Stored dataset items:
(* Let $i\ge1$ and let $(a_j)_{j\ge1}$ satisfy $\delta_0\le a_j\le Aj$ for all $j\ge1$, for some $A>0$ and $\delta_0>0$. Let $y_0\in\mathcal X^+_{1,i}$ with $y_{i,0}>0$, and let $y$ be the solution of $dy/dt=F(y)$, $y(0)=y_0$. Let $$t_*:=\sup\{t>0:\ y_i(s)>0 \text{ for all } s\in[0,t)\}.$$ Then $t_*\in(0,\infty)$.
   Context: $\|x\|_{1,1}=\sum_j j|x_j|$, $\mathcal X_{1,1}=\{x:\|x\|_{1,1}<\infty\}$, $\mathcal X_{1,i}=\{x\in\mathcal X_{1,1}:x_j=0 \text{ for } j<i\}$, and $\mathcal X^+_{1,i}$ is the subset with nonnegative entries. $F$ is defined by - $F_j(y)=0$ for $j<i$; - $F_i(y)=-a_iy_i-\sum_{j\ge i}a_jy_j$; - $F_j(y)=a_{j-i}y_{j-i}-a_jy_j$ for $j\ge i+1$. The solution $y\in C([0,\infty);\mathcal X_{1,i})$, with $C^1$ components, exists and is unique. *)

theory Defs
  imports "HOL-Analysis.Analysis"
begin

text \<open>Sequences x = (x_j)_{j>=1} are modelled as nat => real; index 0 is forced to be 0
  by membership in X_{1,i} with i >= 1.\<close>

definition norm11 :: "(nat \<Rightarrow> real) \<Rightarrow> real" where
  "norm11 x = (\<Sum>j. real j * \<bar>x j\<bar>)"

definition X11 :: "(nat \<Rightarrow> real) set" where
  "X11 = {x. summable (\<lambda>j. real j * \<bar>x j\<bar>)}"

definition X1i :: "nat \<Rightarrow> (nat \<Rightarrow> real) set" where
  "X1i i = {x \<in> X11. \<forall>j<i. x j = 0}"

definition X1i_pos :: "nat \<Rightarrow> (nat \<Rightarrow> real) set" where
  "X1i_pos i = {x \<in> X1i i. \<forall>j. 0 \<le> x j}"

definition Fcoag :: "(nat \<Rightarrow> real) \<Rightarrow> nat \<Rightarrow> (nat \<Rightarrow> real) \<Rightarrow> nat \<Rightarrow> real" where
  "Fcoag a i y j =
    (if j < i then 0
     else if j = i then - a i * y i - (\<Sum>k. a (k + i) * y (k + i))
     else a (j - i) * y (j - i) - a j * y j)"

definition is_solution ::
  "(nat \<Rightarrow> real) \<Rightarrow> nat \<Rightarrow> (nat \<Rightarrow> real) \<Rightarrow> (real \<Rightarrow> nat \<Rightarrow> real) \<Rightarrow> bool" where
  "is_solution a i y0 y \<longleftrightarrow>
     (\<forall>t\<ge>0. y t \<in> X1i i) \<and>
     (\<forall>t\<ge>0. ((\<lambda>s. norm11 (\<lambda>j. y s j - y t j)) \<longlongrightarrow> 0) (at t within {0..})) \<and>
     y 0 = y0 \<and>
     (\<forall>j. \<forall>t\<ge>0. ((\<lambda>s. y s j) has_real_derivative Fcoag a i (y t) j) (at t within {0..})) \<and>
     (\<forall>j. continuous_on {0..} (\<lambda>t. Fcoag a i (y t) j))"

end

theory Submission
  imports Defs
begin
definition normal_ideal_ext :: "'a sgrp \<Rightarrow> 'b sgrp \<Rightarrow> ('a + 'b) sgrp" where
  "normal_ideal_ext S T =
     \<lparr> sg_carrier = Inl ` sg_carrier S \<union> Inr ` sg_carrier T,
       sg_mult = (\<lambda>x y. case (x, y) of
                     (Inl a, Inl b) \<Rightarrow> Inl (sg_mult S a b)
                   | (Inr a, Inr b) \<Rightarrow> Inr (sg_mult T a b)
                   | (Inl a, Inr b) \<Rightarrow> Inr b
                   | (Inr a, Inl b) \<Rightarrow> Inr a) \<rparr>"

text \<open>Free semigroup of rank 1: a^n represented by n >= 1, product a^m a^n = a^(m+n).\<close>

definition free_rank1 :: "nat sgrp" where
  "free_rank1 = \<lparr> sg_carrier = {n. 1 \<le> n}, sg_mult = (+) \<rparr>"

definition trivial_sg :: "unit sgrp" where
  "trivial_sg = \<lparr> sg_carrier = {()}, sg_mult = (\<lambda>_ _. ()) \<rparr>"

text \<open>Free semigroup of rank 1 with a zero adjoined, <a,b | b^2=b, ab=ba=b>:
  the normal ideal extension of the free semigroup of rank 1 by the trivial semigroup {b}.\<close>

definition free_rank1_with_zero :: "(nat + unit) sgrp" where
  "free_rank1_with_zero = normal_ideal_ext free_rank1 trivial_sg"

end

theory Submission
  imports Defs
begin

(* Suppose h is an isomorphism from <a,b | b^2=b, ab=ba=b> onto the semigroup of
   an expanding automaton, and write P n = h(a^n), Z = h(b).  Every element X of an automaton
   semigroup has "residuals": X(u w) = X(u) R(w) with R again in the semigroup, and the
   residual of a single state is a single state.  Since a is indecomposable, P 1 is a state;
   let P M be the state of the form P m with m maximal.  Its residuals are Z or P M, hence
   every residual of F n = P (M n) is Z or F n.  So F n is determined by its "profile":
   for each letter s the word F n [s] and whether the residual at s is Z.  Since Z F n = Z and
   maps never shorten words, F n [s] is no longer than Z [s]; so there are only finitely many
   profiles, two different F n coincide, contradicting injectivity of h. *)

lemma state_map_append:
  "state_map t out q (u @ w) = state_map t out q u @ state_map t out (foldl t q u) w"
  by (induction u arbitrary: q) auto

Exercise instructions: An exact transcription of every record above is required.

Result:
(* Let $i\ge1$ and let $(a_j)_{j\ge1}$ satisfy $\delta_0\le a_j\le Aj$ for all $j\ge1$, for some $A>0$ and $\delta_0>0$. Let $y_0\in\mathcal X^+_{1,i}$ with $y_{i,0}>0$, and let $y$ be the solution of $dy/dt=F(y)$, $y(0)=y_0$. Let $$t_*:=\sup\{t>0:\ y_i(s)>0 \text{ for all } s\in[0,t)\}.$$ Then $t_*\in(0,\infty)$.
   Context: $\|x\|_{1,1}=\sum_j j|x_j|$, $\mathcal X_{1,1}=\{x:\|x\|_{1,1}<\infty\}$, $\mathcal X_{1,i}=\{x\in\mathcal X_{1,1}:x_j=0 \text{ for } j<i\}$, and $\mathcal X^+_{1,i}$ is the subset with nonnegative entries. $F$ is defined by - $F_j(y)=0$ for $j<i$; - $F_i(y)=-a_iy_i-\sum_{j\ge i}a_jy_j$; - $F_j(y)=a_{j-i}y_{j-i}-a_jy_j$ for $j\ge i+1$. The solution $y\in C([0,\infty);\mathcal X_{1,i})$, with $C^1$ components, exists and is unique. *)

theory Defs
  imports "HOL-Analysis.Analysis"
begin

text \<open>Sequences x = (x_j)_{j>=1} are modelled as nat => real; index 0 is forced to be 0
  by membership in X_{1,i} with i >= 1.\<close>

definition norm11 :: "(nat \<Rightarrow> real) \<Rightarrow> real" where
  "norm11 x = (\<Sum>j. real j * \<bar>x j\<bar>)"

definition X11 :: "(nat \<Rightarrow> real) set" where
  "X11 = {x. summable (\<lambda>j. real j * \<bar>x j\<bar>)}"

definition X1i :: "nat \<Rightarrow> (nat \<Rightarrow> real) set" where
  "X1i i = {x \<in> X11. \<forall>j<i. x j = 0}"

definition X1i_pos :: "nat \<Rightarrow> (nat \<Rightarrow> real) set" where
  "X1i_pos i = {x \<in> X1i i. \<forall>j. 0 \<le> x j}"

definition Fcoag :: "(nat \<Rightarrow> real) \<Rightarrow> nat \<Rightarrow> (nat \<Rightarrow> real) \<Rightarrow> nat \<Rightarrow> real" where
  "Fcoag a i y j =
    (if j < i then 0
     else if j = i then - a i * y i - (\<Sum>k. a (k + i) * y (k + i))
     else a (j - i) * y (j - i) - a j * y j)"

definition is_solution ::
  "(nat \<Rightarrow> real) \<Rightarrow> nat \<Rightarrow> (nat \<Rightarrow> real) \<Rightarrow> (real \<Rightarrow> nat \<Rightarrow> real) \<Rightarrow> bool" where
  "is_solution a i y0 y \<longleftrightarrow>
     (\<forall>t\<ge>0. y t \<in> X1i i) \<and>
     (\<forall>t\<ge>0. ((\<lambda>s. norm11 (\<lambda>j. y s j - y t j)) \<longlongrightarrow> 0) (at t within {0..})) \<and>
     y 0 = y0 \<and>
     (\<forall>j. \<forall>t\<ge>0. ((\<lambda>s. y s j) has_real_derivative Fcoag a i (y t) j) (at t within {0..})) \<and>
     (\<forall>j. continuous_on {0..} (\<lambda>t. Fcoag a i (y t) j))"

end

theory Submission
  imports Defs
begin
definition normal_ideal_ext :: "'a sgrp \<Rightarrow> 'b sgrp \<Rightarrow> ('a + 'b) sgrp" where
  "normal_ideal_ext S T =
     \<lparr> sg_carrier = Inl ` sg_carrier S \<union> Inr ` sg_carrier T,
       sg_mult = (\<lambda>x y. case (x, y) of
                     (Inl a, Inl b) \<Rightarrow> Inl (sg_mult S a b)
                   | (Inr a, Inr b) \<Rightarrow> Inr (sg_mult T a b)
                   | (Inl a, Inr b) \<Rightarrow> Inr b
                   | (Inr a, Inl b) \<Rightarrow> Inr a) \<rparr>"

text \<open>Free semigroup of rank 1: a^n represented by n >= 1, product a^m a^n = a^(m+n).\<close>

definition free_rank1 :: "nat sgrp" where
  "free_rank1 = \<lparr> sg_carrier = {n. 1 \<le> n}, sg_mult = (+) \<rparr>"

definition trivial_sg :: "unit sgrp" where
  "trivial_sg = \<lparr> sg_carrier = {()}, sg_mult = (\<lambda>_ _. ()) \<rparr>"

text \<open>Free semigroup of rank 1 with a zero adjoined, <a,b | b^2=b, ab=ba=b>:
  the normal ideal extension of the free semigroup of rank 1 by the trivial semigroup {b}.\<close>

definition free_rank1_with_zero :: "(nat + unit) sgrp" where
  "free_rank1_with_zero = normal_ideal_ext free_rank1 trivial_sg"

end

theory Submission
  imports Defs
begin

(* Suppose h is an isomorphism from <a,b | b^2=b, ab=ba=b> onto the semigroup of
   an expanding automaton, and write P n = h(a^n), Z = h(b).  Every element X of an automaton
   semigroup has "residuals": X(u w) = X(u) R(w) with R again in the semigroup, and the
   residual of a single state is a single state.  Since a is indecomposable, P 1 is a state;
   let P M be the state of the form P m with m maximal.  Its residuals are Z or P M, hence
   every residual of F n = P (M n) is Z or F n.  So F n is determined by its "profile":
   for each letter s the word F n [s] and whether the residual at s is Z.  Since Z F n = Z and
   maps never shorten words, F n [s] is no longer than Z [s]; so there are only finitely many
   profiles, two different F n coincide, contradicting injectivity of h. *)

lemma state_map_append:
  "state_map t out q (u @ w) = state_map t out q u @ state_map t out (foldl t q u) w"
  by (induction u arbitrary: q) auto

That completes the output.